**** Input data
lemma levels_attained_near_deriv_neg:
  fixes f :: "real \<Rightarrow> real"
  assumes cont: "continuous_on {a..b} f"
    and deriv: "(f has_real_derivative D) (at c within {a..b})" "D < 0"
    and "a < c" "c < b" "\<eta> > 0"
  shows "\<exists>d>0. \<forall>w. \<bar>w - f c\<bar> < d \<longrightarrow> (\<exists>t\<in>{a..b}. \<bar>t - c\<bar> < \<eta> \<and> f t = w)"
proof -
  obtain d1 where "d1 > 0" and right: "\<And>h. h > 0 \<Longrightarrow> c + h \<in> {a..b} \<Longrightarrow> h < d1 \<Longrightarrow> f (c + h) < f c"
    using has_real_derivative_neg_dec_right[OF deriv] by force
  obtain d2 where "d2 > 0" and left: "\<And>h. h > 0 \<Longrightarrow> c - h \<in> {a..b} \<Longrightarrow> h < d2 \<Longrightarrow> f c < f (c - h)"
    using has_real_derivative_neg_dec_left[OF deriv] by force
  define m where "m = min (min d1 d2) (min \<eta> (min (c - a) (b - c)))"
  have "0 < m" "m \<le> d1" "m \<le> d2" "m \<le> \<eta>" "m \<le> c - a" "m \<le> b - c"
    using \<open>d1 > 0\<close> \<open>d2 > 0\<close> assms(4-6) by (auto simp: m_def)
  define h where "h = m / 2"
  have h: "0 < h" "h < d1" "h < d2" "h < \<eta>" "a < c - h" "c + h < b"
    using \<open>0 < m\<close> \<open>m \<le> d1\<close> \<open>m \<le> d2\<close> \<open>m \<le> \<eta>\<close> \<open>m \<le> c - a\<close> \<open>m \<le> b - c\<close>
    unfolding h_def by linarith+
  have lo: "f (c + h) < f c" and hi: "f c < f (c - h)"
    using right[of h] left[of h] h by auto
  show ?thesis
  proof (intro exI[of _ "min (f c - f (c + h)) (f (c - h) - f c)"] conjI allI impI)
    show "0 < min (f c - f (c + h)) (f (c - h) - f c)"
      using lo hi by auto
    fix w assume "\<bar>w - f c\<bar> < min (f c - f (c + h)) (f (c - h) - f c)"
    then have "f (c + h) \<le> w" "w \<le> f (c - h)"
      by auto
    moreover have "continuous_on {c - h..c + h} f"
      using cont h by (auto intro: continuous_on_subset)
    ultimately obtain t where "c - h \<le> t" "t \<le> c + h" "f t = w"
      using IVT2'[of f "c + h" w "c - h"] h by auto
    then show "\<exists>t\<in>{a..b}. \<bar>t - c\<bar> < \<eta> \<and> f t = w"
      using h by (intro bexI[of _ t]) auto
  qed
qed

section \<open>The longitude equation\<close>

text \<open>For \<open>cos v \<noteq> 0\<close>, the point \<open>P(v, \<theta>)\<close> lies on the boundary of \<Omega> exactly at this latitude.\<close>
definition stationary_latitude :: "real \<Rightarrow> real" where
  "stationary_latitude v = arctan ((sin v)\<^sup>2 / cos v)"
********
§ **What to do**
In the entries above, count the lines that contain the string "auto" and reply with the number only.

§ **Expected answer**
7